Project

General

Profile

28-March-2016

Attending: Satish, Felipe, Paola, Chris, Enrique, Joe, Paul S, Kanika, Paul R

Computing issues (All)

Running at Wisconsin

On Sunday, a black hole node developed at Wisconsin. Enrique will file a GOC ticket. Satish will cut a new version of NGU that removes Wisconsin from the list of recommended sites. There was some discussion of the best way to implement this including basing it off of the head of NGU, or basing it off of the CURRENT version. The former is technically easier, and there has been some running with TEST, so we are reasonably confident that it won’t cause any issues.

SAM slowness

Especially on Sunday and seemingly continuing into today, we are faced with the problem of SAM being very slow, often to the point of being unusable. This extended to dataset counting queries, project starting and even dataset deletion. There was some skepticism to the notion that the issues with dCache could be causing all of these problems. The issue of the frequently dying SAM projects was also raised, although there is no solution in hand for that at the present time. Satish will follow up with Rob, and Kanika will update her ticket to increase the priority and

Tags (Paul)

Last week Paul cut S16-03-25, as a regular biweekly snapshot. He also cut R16-03-03-prod2reco.b, needed for MRE; and S16-01-07.a to fix some database issues for reco-keepup. He is also preparing a new release based on prod2genie that includes a new version of nutools (1.24-02) needed to test the new version of geant. He is waiting for new builds of novadaq and novaddt to finish it. Nightly builds seem to be in good shape.

Dataset Definitions (Joe)

Joe is working on creating the cosmic dataset definitions right now.

He’s also been through the definitions on the website. Most definitions are ok, except for the ND numi ones. They are currently good to use, but are potentially unsafe. Joe has produced more robust definitions, which Satish will add to the website, replacing the current ones. Joe also found some batch specific definitions. Satish will clean these up.

Joe and Enrique will follow up on getting the calib-func-X definitions created and validated.

Chris requested that the Birks sample defintions be announced to the collaboration. Satish will do this.

ND Numi cleanup (Satish)

This is done.

Samples

ND Data (Bruno)

Bruno was not able to attend today. ND numi processing is mostly done, but there are more missing files than can be explained by the epoch boundary problem. He will need to investigate when he returns from holiday.

Calib Func X (Enrique)

This went well but Satish and Alex killed the straggling jobs on Friday to make room for MRE. FD nonstop has 270/6k files left to drain, which is acceptable. FD flux swap is missing 900 files, which is too much. Enrique will investigate and resubmit some cleanup jobs. ND is close enough.

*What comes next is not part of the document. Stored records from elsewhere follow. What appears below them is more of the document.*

lemma exists_lp_sequence:
  assumes "\<not> finitely_spanned (UNIV :: 'a set)"
  obtains u :: "nat \<Rightarrow> 'a" where "isometric_lp_sequence p u" "asymptotically_lp_sequence p u"
proof -
  have "band (space M) = UNIV" by (auto simp: band_def intro: AE_I2)
  then obtain C :: "nat \<Rightarrow> 'm set" and u where C: "\<And>n. C n \<in> sets M" "disjoint_family C"
    and u: "\<And>n. u n \<in> band (C n)" "\<And>n. norm (u n) = 1"
    using exists_disjoint_unit_sequence assms by metis
  show ?thesis
    by (rule that[OF isometric_lp_sequence_if_disjoint[OF C(2) u] asymptotically_lp_sequence_if_disjoint[OF C u]])
qed

end

theorem corollary1p2:
  fixes p :: real and M :: "'m measure"
  assumes "p \<ge> 1"
    and "\<not> (\<exists>k::int. p = 2 * of_int k)"
    and "Lp_space_iso p M TYPE('a::banach)"
    and "\<not> (\<exists>S :: 'a set. finite S \<and> span S = UNIV)"
  shows "\<not> (\<exists>f :: 'a \<Rightarrow> real. bump_function f \<and> Tp_smooth p f)"
proof -
  have p: "p > 0" using assms(1) by simp
  obtain T :: "'a \<Rightarrow> 'm \<Rightarrow> real" where "Lp_isometry p M T"
    using assms(3) unfolding Lp_space_iso_def by blast
  then interpret Lp_representation p M T using p by unfold_locales
  have "\<not> finitely_spanned (UNIV :: 'a set)"
    using assms(4) unfolding finitely_spanned_def by (simp add: top.extremum_unique)
  then obtain u :: "nat \<Rightarrow> 'a" where "isometric_lp_sequence p u" "asymptotically_lp_sequence p u"
    by (rule exists_lp_sequence)
  then show ?thesis using no_Tp_smooth_bump_if_lp_sequence[OF p assms(2)] by blast
qed

end
(* Let $d\ge 2$. There exists a constant $c\in(0,1)$ depending only on $d$ such that the following holds for every finite field $\mathbb F_q$ of characteristic greater than two. Let $E,F\subset \mathbb F_q^d$ with $(0,\ldots,0)\notin E$. Then $$|\Pi(E,F)|\ \ge\ c\,\min\left\{ q,\ \frac{|E|\,|F|^2}{q^{2d-1}\sum_{x\in \mathbb F_q^{d}\setminus\{0\}} \sum_{s\in\mathbb F_q^*}E(sx)\, |\widehat{F}(x)|^2}\right\},$$ where the second entry of the minimum is interpreted as $+\infty$ if the double sum in its denominator vanishes and $E$ is nonempty.
   Context: $\mathbb F_q$ is a finite field with $q$ elements and characteristic greater than two; $\mathbb F_q^*=\mathbb F_q\setminus\{0\}$. For $E,F\subset\mathbb F_q^d$, $\Pi(E,F)=\{x\cdot y: x\in E,\ y\in F\}\subset\mathbb F_q$, where $x\cdot y=\sum_i x_iy_i$. A set is identified with its indicator function, so $E(z)=1$ if $z\in E$ and $0$ otherwise. Fix a nontrivial additive character $\psi:\mathbb F_q\to\{u\in\mathbb C:|u|=1\}$; for $f:\mathbb F_q^d\to\mathbb C$ the Fourier transform is $\widehat f(m)=q^{-d}\sum_{x\in\mathbb F_q^d} f(x)\psi(-x\cdot m)$. *)

theory Defs
  imports "HOL-Analysis.Analysis" "HOL-Algebra.Ring" "HOL-Library.FuncSet"
begin

definition alg_ring_char :: "('a, 'b) ring_scheme \<Rightarrow> nat" where
  "alg_ring_char R = (if \<exists>n::nat>0. [n] \<cdot>\<^bsub>R\<^esub> \<one>\<^bsub>R\<^esub> = \<zero>\<^bsub>R\<^esub>
                  then (LEAST n::nat. n > 0 \<and> [n] \<cdot>\<^bsub>R\<^esub> \<one>\<^bsub>R\<^esub> = \<zero>\<^bsub>R\<^esub>) else 0)"

definition vecs :: "('a, 'b) ring_scheme \<Rightarrow> nat \<Rightarrow> (nat \<Rightarrow> 'a) set" where
  "vecs R d = {..<d} \<rightarrow>\<^sub>E carrier R"

definition zero_vec :: "('a, 'b) ring_scheme \<Rightarrow> nat \<Rightarrow> (nat \<Rightarrow> 'a)" where
  "zero_vec R d = (\<lambda>i\<in>{..<d}. \<zero>\<^bsub>R\<^esub>)"

definition smult_vec :: "('a, 'b) ring_scheme \<Rightarrow> nat \<Rightarrow> 'a \<Rightarrow> (nat \<Rightarrow> 'a) \<Rightarrow> (nat \<Rightarrow> 'a)" where
  "smult_vec R d s x = (\<lambda>i\<in>{..<d}. s \<otimes>\<^bsub>R\<^esub> x i)"

definition dot :: "('a, 'b) ring_scheme \<Rightarrow> nat \<Rightarrow> (nat \<Rightarrow> 'a) \<Rightarrow> (nat \<Rightarrow> 'a) \<Rightarrow> 'a" where
  "dot R d x y = (\<Oplus>\<^bsub>R\<^esub> i\<in>{..<d}. x i \<otimes>\<^bsub>R\<^esub> y i)"

definition dot_set :: "('a, 'b) ring_scheme \<Rightarrow> nat \<Rightarrow> (nat \<Rightarrow> 'a) set \<Rightarrow> (nat \<Rightarrow> 'a) set \<Rightarrow> 'a set" where
  "dot_set R d E F = {dot R d x y | x y. x \<in> E \<and> y \<in> F}"

definition nontrivial_add_char :: "('a, 'b) ring_scheme \<Rightarrow> ('a \<Rightarrow> complex) \<Rightarrow> bool" where
  "nontrivial_add_char R \<psi> \<longleftrightarrow>
     (\<forall>a\<in>carrier R. \<forall>b\<in>carrier R. \<psi> (a \<oplus>\<^bsub>R\<^esub> b) = \<psi> a * \<psi> b) \<and>
     (\<forall>a\<in>carrier R. cmod (\<psi> a) = 1) \<and>
     (\<exists>a\<in>carrier R. \<psi> a \<noteq> 1)"

definition fourier :: "('a, 'b) ring_scheme \<Rightarrow> nat \<Rightarrow> ('a \<Rightarrow> complex)
    \<Rightarrow> ((nat \<Rightarrow> 'a) \<Rightarrow> complex) \<Rightarrow> (nat \<Rightarrow> 'a) \<Rightarrow> complex" where
  "fourier R d \<psi> f m =
     (\<Sum>x\<in>vecs R d. f x * \<psi> (\<ominus>\<^bsub>R\<^esub> dot R d x m)) / of_nat (card (carrier R)) ^ d"

definition ind :: "'c set \<Rightarrow> 'c \<Rightarrow> complex" where
  "ind A z = (if z \<in> A then 1 else 0)"

end

theory Submission
  imports Defs "HOL-Algebra.Multiplicative_Group"
begin
lemma penrose_conditions_unique:
  assumes "penrose_conditions A X" and "penrose_conditions A Y"
  shows "X = Y"
proof -
  have x: "A ** X ** A = A" "X ** A ** X = X" "transpose (A ** X) = A ** X" "transpose (X ** A) = X ** A"
    and y: "A ** Y ** A = A" "Y ** A ** Y = Y" "transpose (A ** Y) = A ** Y" "transpose (Y ** A) = Y ** A"
    using assms by (simp_all add: penrose_conditions_def)
  have "X = X ** transpose (A ** X)" using x(2,3) by (simp add: matrix_mul_assoc)
  also have "\<dots> = X ** transpose X ** transpose (A ** Y ** A)"
    using y(1) by (simp add: matrix_transpose_mul matrix_mul_assoc)
  also have "\<dots> = X ** transpose (A ** X) ** transpose (A ** Y)"
    by (simp add: matrix_transpose_mul matrix_mul_assoc)
  also have "\<dots> = X ** A ** Y" using x(2,3) y(3) by (simp add: matrix_mul_assoc)
  finally have xy: "X = X ** A ** Y" .
  have "Y = transpose (Y ** A) ** Y" using y(2,4) by simp
  also have "\<dots> = transpose (A ** X ** A) ** transpose Y ** Y"
    using x(1) by (simp add: matrix_transpose_mul matrix_mul_assoc)
  also have "\<dots> = transpose (X ** A) ** transpose (Y ** A) ** Y"
    by (simp add: matrix_transpose_mul matrix_mul_assoc)
  also have "\<dots> = X ** A ** (Y ** A ** Y)" using x(4) y(4) by (simp add: matrix_mul_assoc)
  also have "\<dots> = X ** A ** Y" using y(2) by simp
  finally show ?thesis using xy by simp
qed

lemma pinv_eqI: "penrose_conditions A X \<Longrightarrow> pinv A = X"
  unfolding pinv_def penrose_conditions_def[symmetric]
  by (blast intro: the1_equality penrose_conditions_unique)

definition all_ones :: "real^'n::finite^'n" where
  "all_ones = (\<chi> i j. 1)"

lemma transpose_all_ones: "transpose all_ones = all_ones"
  by (simp add: all_ones_def transpose_def vec_eq_iff)

lemma all_ones_mult_all_ones: "all_ones ** all_ones = real CARD('n) *\<^sub>R (all_ones :: real^'n::finite^'n)"
  by (simp add: all_ones_def matrix_matrix_mult_def vec_eq_iff)

lemma mult_all_ones_eq_0: "A *v 1 = 0 \<Longrightarrow> A ** all_ones = 0"
  by (simp add: all_ones_def matrix_matrix_mult_def matrix_vector_mult_def vec_eq_iff)

text \<open>Both \<open>A ** X\<close> and \<open>X ** A\<close> turn out to be the orthogonal projection
  \<open>mat 1 - c *\<^sub>R all_ones\<close> onto the vectors with coordinate sum zero.\<close>

lemma penrose_conditions_shifted_inverse:
  fixes A :: "real^'n::finite^'n"
  defines "c \<equiv> 1 / real CARD('n)"
  assumes sym: "transpose A = A" and ones: "A *v 1 = 0"
    and inv: "invertible (A + c *\<^sub>R all_ones)"
  shows "penrose_conditions A (matrix_inv (A + c *\<^sub>R all_ones) - c *\<^sub>R all_ones)"
proof -
  define J :: "real^'n^'n" where "J = all_ones"
  define M where "M = A + c *\<^sub>R J"
  define X where "X = matrix_inv M - c *\<^sub>R J"
  have cn: "c * CARD('n) = 1" by (simp add: c_def)
  have AJ: "A ** J = 0" using ones by (simp add: J_def mult_all_ones_eq_0)
  have JA: "J ** A = 0"
    by (metis AJ J_def transpose_all_ones sym matrix_transpose_mul transpose_transpose times0_left)
  have MJ: "M ** J = J" and JM: "J ** M = J"
    using cn by (simp_all add: M_def J_def matrix_add_rdistrib matrix_add_ldistrib AJ[unfolded J_def]
        JA[unfolded J_def] all_ones_mult_all_ones matrix_scalar_ac flip: scalar_matrix_assoc)
  have Mi: "M ** matrix_inv M = mat 1" "matrix_inv M ** M = mat 1"
    using invertible_matrix_inv[OF inv] by (simp_all add: M_def J_def)
  have MiJ: "matrix_inv M ** J = J" by (metis MJ Mi(2) matrix_mul_assoc matrix_mul_lid)
  have JMi: "J ** matrix_inv M = J" by (metis JM Mi(1) matrix_mul_assoc matrix_mul_rid)
  have A: "A = M - c *\<^sub>R J" by (simp add: M_def)
  have AX: "A ** X = mat 1 - c *\<^sub>R J"
    by (simp add: X_def matrix_diff_ldistrib matrix_scalar_ac AJ flip: scalar_matrix_assoc)
      (simp add: A matrix_diff_rdistrib Mi JMi flip: scalar_matrix_assoc)
  have XA: "X ** A = mat 1 - c *\<^sub>R J"
    by (simp add: X_def matrix_diff_rdistrib JA flip: scalar_matrix_assoc)
      (simp add: A matrix_diff_ldistrib Mi MiJ matrix_scalar_ac flip: scalar_matrix_assoc)
  have JX: "J ** X = 0"
    using cn by (simp add: X_def J_def matrix_diff_ldistrib JMi[unfolded J_def] all_ones_mult_all_ones
        matrix_scalar_ac flip: scalar_matrix_assoc)
  have "transpose (mat 1 - c *\<^sub>R J) = mat 1 - c *\<^sub>R J"
    by (simp add: J_def all_ones_def transpose_def mat_def vec_eq_iff)
  then have "penrose_conditions A X"
    unfolding penrose_conditions_def AX XA
    by (simp add: matrix_diff_rdistrib JA JX flip: scalar_matrix_assoc)
  then show ?thesis by (simp add: X_def M_def J_def)
qed

section \<open>Column-stochastic matrices\<close>

definition col_stochastic :: "real^'n::finite^'n \<Rightarrow> bool" where
  "col_stochastic P \<longleftrightarrow> (\<forall>i j. 0 \<le> P $ i $ j) \<and> (\<forall>j. (\<Sum>i\<in>UNIV. P $ i $ j) = 1)"

definition l1_norm :: "real^'n::finite \<Rightarrow> real" where
  "l1_norm x = (\<Sum>i\<in>UNIV. \<bar>x $ i\<bar>)"

fun matpow :: "real^'n::finite^'n \<Rightarrow> nat \<Rightarrow> real^'n^'n" where
  "matpow P 0 = mat 1"
| "matpow P (Suc t) = P ** matpow P t"

lemma funpow_matrix_vector_mult: "((\<lambda>x. P *v x) ^^ t) x = matpow P t *v x"
  by (induction t) (simp_all add: matrix_vector_mul_assoc)

lemma matpow_add: "matpow P (s + t) = matpow P s ** matpow P t"
  by (induction s) (simp_all add: matrix_mul_assoc)

lemma matpow_fixpoint: "P *v x = x \<Longrightarrow> matpow P t *v x = x"
  by (induction t) (simp_all flip: matrix_vector_mul_assoc)

lemma sum_matrix_vector_mult:
  "(\<Sum>i\<in>UNIV. (M *v x) $ i) = (\<Sum>j\<in>UNIV. (\<Sum>i\<in>UNIV. M $ i $ j) * x $ j)"
  by (simp add: matrix_vector_mult_def sum_distrib_right) (rule sum.swap)

lemma col_stochastic_sum_preserving:
  "col_stochastic P \<Longrightarrow> (\<Sum>i\<in>UNIV. (P *v x) $ i) = (\<Sum>i\<in>UNIV. x $ i)"
  by (simp add: sum_matrix_vector_mult col_stochastic_def)

lemma col_stochastic_mat_1: "col_stochastic (mat 1)"
  by (simp add: col_stochastic_def mat_def)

AWS ND nogenieRW (Paul/OPOS)

There were about 57k files to process, of which about 3/4 are done. Paola is about to submit a recovery dataset. Files are being copied back to FTS by Marc Mengel. The recovery jobs will use decalreFiles and declareLocation options. Paola will first run some small test jobs setting nova.special to aws_test, so that they don’t pollute the standard definitions.

MRE (Kanika)

To review, MRE happens in 3 steps:
  • generation of artdaq files,
  • reco+pid
  • caf-making

The DAQ step is mostly done, but recovery jobs are not going well, plagued by the SAM issues seen over the weekend. Reco+pid had good success on Saturday, but many problems starting on sunday morning because of the SAM issue. This also prevented Kanika form starting up SAM projects to get additional jobs running. She did manage to get MRE data running. LEMServe is at 50% load, because copy-backs are slow (this in turn because of the dCache issues).

Kanika will make an ECL entry with the MRE definitions for collaboration use. They were made by hand, not with Joe’s defgen script.

Kanika will continue running the MRE CAF making over the course of the week.

There was some discussion of what the optimal strategy was for this and the other remaining samples. Satish and Alex will discuss it this afternoon.

We will soon need to start generating MRE systematics. Alex R will be handling this. DAQ generation can start now, but LEM evaluation will have to wait for other samples.

FD cosmic nue (Felipe)

Felipe has been submitting jobs (~85k) over the weekend. Many clusters seem to have finished successfully, but Felipe is waiting on output or draining datasets to confirm they are ok. He did run into the dying project problem as well, which hampered progress. Felipe will send a detailed summary today.

Raw2root keepup (Paola)

This is running smoothly, although on Thursday around 500 jobs crashed because of copy out problems. The issues seems to be resolved now and things are running smoothly again.

Reco keepup (Qiulan)

This has generally been proceeding smoothly, with one failure. The file seemed to run fine interactively, but cannot be processed on the grid. Qiulan will send an email reminder about this issue.